Какое у нас отношение к современному искусству, сформулированное чуть ли не на самом верху? Это непонятно что, ничто. И вторая распространенная реакция: я бы и сам так мог сделать, намалевать и так далее… Они там делают «ничто», а средства затрачены, вот за это «ничто» они и поплатились.

Андрей Архангельский

«Театральное дело» — еще и впечатляющий пример цеховой солидарности: толпы коллег и сочувствующих перед судом, слова поддержки с самых разных сцен, самые весомые подписи под петициями — от Изабель Юппер и Кейт Бланшетт до Киркорова и Малахова, публичные акции везде, где только можно,— вплоть до красной дорожки Канна. Но эта волна солидарности ставит вопрос и о границах солидарности. На что готов каждый из сочувствующих? Что скорее поможет неправедно обвиняемым — громкие публичные акции или непубличный торг за закрытыми дверями? А если второе, то не сделают ли публичные акции только хуже? Или думать так — значит оправдывать собственную трусость? А «что скорее поможет» и «как надо по совести» — это одно и то же? И что из этого выбрать? Еще находясь под домашним арестом, Серебренников выпускает в «Гоголь-центре» спектакль «Барокко», центральный образ которого — самосожжение студента Яна Палаха на Вацлавской площади в 1969-м. Трудно отделаться от ощущения, что этим спектаклем автор задает жестокий вопрос — а чем ты готов пожертвовать ради того, что тебе дорого, во что ты веришь? До какой степени ты готов мириться со злом и как ты можешь ему противостоять? Наверное, любой ответ будет правильным, даже хэштег в инстаграме, и все же, если принимать поступок Палаха за абсолютную отметку,— как близко ты готов к ней подойти и что с тобой для этого нужно сделать?

Дело Серебренникова, как и другие подобные процессы, устроены так, что от них легко отмахнуться, особенно если ты не принадлежишь к сообществу,— на то существует набор готовых отговорок: суд разберется, нет дыма без огня, разборки внутри тусовочки, почему вы молчали, когда (тут можно вставить любое громкое политическое событие последних 30 лет). И потом, если ты режиссер, это что, индульгенция?

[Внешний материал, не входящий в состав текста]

(* Let $\Gamma$ be a $3$-saturated drawing. Then \[ \sum_{a\ge 6} a\,|\mathcal{C}_a| \;\ge\; \tau(B_4,L)+\tau(B_5,L)+\tau(A_3,L)+\tau(A_5,L)+5\,N(U_6). \]
   Context: Drawings are on the sphere: vertices are distinct points, edges (of a graph possibly with parallel edges, no loops) are Jordan arcs; any two edges share finitely many points, each a common endpoint or a proper crossing; no three edges cross at one point; no edge crosses itself; adjacent edges do not cross. A drawing is $3$-plane if every edge is crossed at most three times. A lens is a region bounded by exactly two parts of edges; a drawing is non-homotopic if every lens contains a crossing or vertex in its interior. An edge with $i$ crossings is split into $i+1$ edge-segments; an edge-segment is inner if both its endpoints are crossings and outer otherwise. The planarization replaces each crossing by a degree-$4$ vertex; the drawing is connected if its planarization is connected. Cells are the components of the sphere minus all vertices and edges; the boundary $\partial c$ of a cell is a cyclic sequence alternating between edge-segments and vertices/crossings. The size $\|c\|$ of a cell is the number of vertex incidences plus the number of edge-segment incidences along $\partial c$ (crossings not counted); $\mathcal{C}_a$ is the set of cells of size $a$. A drawing is filled if for every cell $c$ and distinct vertices $u\ne v$ on $\partial c$ there is an uncrossed edge $uv$ on $\partial c$. A drawing is $3$-saturated if it is $3$-plane, non-homotopic, connected, filled, and has at least three vertices. Cell types: $A_3$: three crossings and three inner edge-segments, no vertex. $A_4$: four crossings and four inner edge-segments. $B_4$: boundary $v$, outer segment, crossing, inner segment, crossing, outer segment. $B_5$: boundary $v$, outer segment, crossing, inner segment, crossing, inner segment, crossing, outer segment. $A_5$: five crossings and five inner segments. $U_6$: boundary $u$, uncrossed edge $uv$, $v$, outer segment, crossing, inner segment, crossing, outer segment (two vertices $u,v$), size $6$. $L$: any cell of size at least $6$. $N(T)$ is the number of cells of type $T$. Trails: a trail is a sequence $(c_1,\dots,c_\ell)$, $\ell\ge 2$, of cells such that (1) neither $c_1$ nor $c_\ell$ is of type $A_4$; (2) consecutive cells $c_i,c_{i+1}$ share an inner edge-segment; (3) each of $c_2,\dots,c_{\ell-1}$ is an $A_4$-cell whose two edge-segments shared with its neighbours are opposite on its boundary. A trail and its reversal are the same trail. $\tau(T,T')=\tau(T',T)$ is the number of trails whose end cells are of types $T$ and $T'$. *)

theory Defs
  imports Main
begin
lemma abs_hker_approx_le_1: "\<bar>hker_approx d z w\<bar> \<le> 1"
  unfolding hker_approx_def by auto

lemma abs_hker_approx_error:
  assumes "norm z = 1" "norm w = 1"
  shows "\<bar>hker (Arg z - Arg w) - hker_approx d z w\<bar> \<le> cutoff d z w"
proof -
  let ?h = "hker_ext z w" and ?c = "cutoff d z w"
  have h: "\<bar>?h\<bar> \<le> 1"
    using abs_hker_le_1 hker_Arg_diff_eq_hker_ext[OF assms] by metis
  note c = cutoff_bounds[of d z w]
  have "\<bar>(1 - ?c) * ?h\<bar> \<le> 1"
    using h c by (simp add: abs_mult mult_le_one)
  then have "hker (Arg z - Arg w) - hker_approx d z w = ?c * ?h"
    unfolding hker_approx_def hker_Arg_diff_eq_hker_ext[OF assms] by (auto simp: algebra_simps)
  also have "\<bar>\<dots>\<bar> \<le> ?c"
    using h c by (simp add: abs_mult mult_left_le)
  finally show ?thesis .
qed

lemma cutoff_tendsto_indicator:
  assumes "norm z = 1" "norm w = 1"
  shows "(\<lambda>m. cutoff (1 / Suc m) z w) \<longlonglongrightarrow> indicator {z} w"
proof (cases "w = z")
  case True
  have "Re (z * cnj z) = 1"
    using complex_norm_square[of z] assms by simp
  with True show ?thesis
    by (simp add: cutoff_def)
next
  case False
  define r where "r = 1 - Re (w * cnj z)"
  have "0 < r"
    unfolding r_def using Re_mult_cnj_less_1[OF assms False] by simp
  obtain N :: nat where N: "2 / r < N"
    using reals_Archimedean2 by blast
  have "cutoff (1 / Suc m) z w = 0" if "N \<le> m" for m
  proof -
    have "2 < r * N"
      using N \<open>0 < r\<close> by (simp add: divide_less_eq mult.commute)
    also have "\<dots> \<le> r * Suc m"
      using that \<open>0 < r\<close> by simp
    finally have "2 < r * Suc m" .
    then show ?thesis
      unfolding cutoff_def r_def[symmetric] by simp
  qed
  then have "(\<lambda>m. cutoff (1 / Suc m) z w) \<longlonglongrightarrow> 0"
    by (intro tendsto_eventually) (auto simp: eventually_sequentially)
  with False show ?thesis
    by simp
qed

Суд откровенно не может взять в толк, как можно потратить такие (да и любые) деньги на эти вот, прости господи, перформансы, исполнение Кейджа на велосипедах,— но в этом непонимании с ним солидарна и более свободомыслящая публика, которая уже привыкла видеть в любом культурном акте либо распил, либо трусость: вы пытались отсидеться в уютном домике со своим Кейджем и велосипедами, вместо того чтобы (опять же — ненужное вставить)? Так получайте теперь. Культура как ценность сама по себе, оправданная уже тем, что создает ту самую сложность и современность, без которой, по выражению Дондурея, и ракеты не будут летать, оказывается не нужна ни тем, ни этим.

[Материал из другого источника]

(* A connected block-cactus graph $G$ is $1$-perfectly orientable if and only if at most one block of $G$ is a cycle of length at least four.
   Context: All graphs are finite and simple. A graph is biconnected if it is connected with no cut vertex; a block is a maximal biconnected subgraph. A block-cactus graph is a graph each of whose blocks is either a cycle or a complete graph. An orientation of $G$ is $1$-perfect if for every vertex the out-neighborhood is a clique in $G$; $G$ is $1$-perfectly orientable if it has a $1$-perfect orientation. *)

theory Defs
  imports Main
begin

definition simple_graph :: "'a set \<Rightarrow> ('a \<Rightarrow> 'a \<Rightarrow> bool) \<Rightarrow> bool" where
  "simple_graph V E \<longleftrightarrow> finite V \<and>
     (\<forall>u v. E u v \<longrightarrow> u \<in> V \<and> v \<in> V \<and> u \<noteq> v \<and> E v u)"

definition reachable :: "'a set \<Rightarrow> ('a \<Rightarrow> 'a \<Rightarrow> bool) \<Rightarrow> 'a \<Rightarrow> 'a \<Rightarrow> bool" where
  "reachable V E u v \<longleftrightarrow> u \<in> V \<and> v \<in> V \<and>
     (\<lambda>x y. x \<in> V \<and> y \<in> V \<and> E x y)\<^sup>*\<^sup>* u v"

definition connected_graph :: "'a set \<Rightarrow> ('a \<Rightarrow> 'a \<Rightarrow> bool) \<Rightarrow> bool" where
  "connected_graph V E \<longleftrightarrow> V \<noteq> {} \<and> (\<forall>u\<in>V. \<forall>v\<in>V. reachable V E u v)"

definition del_vertex :: "'a \<Rightarrow> ('a \<Rightarrow> 'a \<Rightarrow> bool) \<Rightarrow> 'a \<Rightarrow> 'a \<Rightarrow> bool" where
  "del_vertex w E = (\<lambda>x y. E x y \<and> x \<noteq> w \<and> y \<noteq> w)"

В спектакле «Барокко» есть еще один, довольно лобовой образ: музыкант, который играет «Чакону» Баха, в то время как одна его рука прикована наручниками к запястью стоящего рядом полицейского. Все участники процесса получили в итоге условные сроки и разного размера штрафы, но этот образ полицейского, стоящего рядом с художником,— его уже не получается сделать небывшим. Можно, конечно, играть и одной рукой, почему нет, но это уже совсем другая музыка.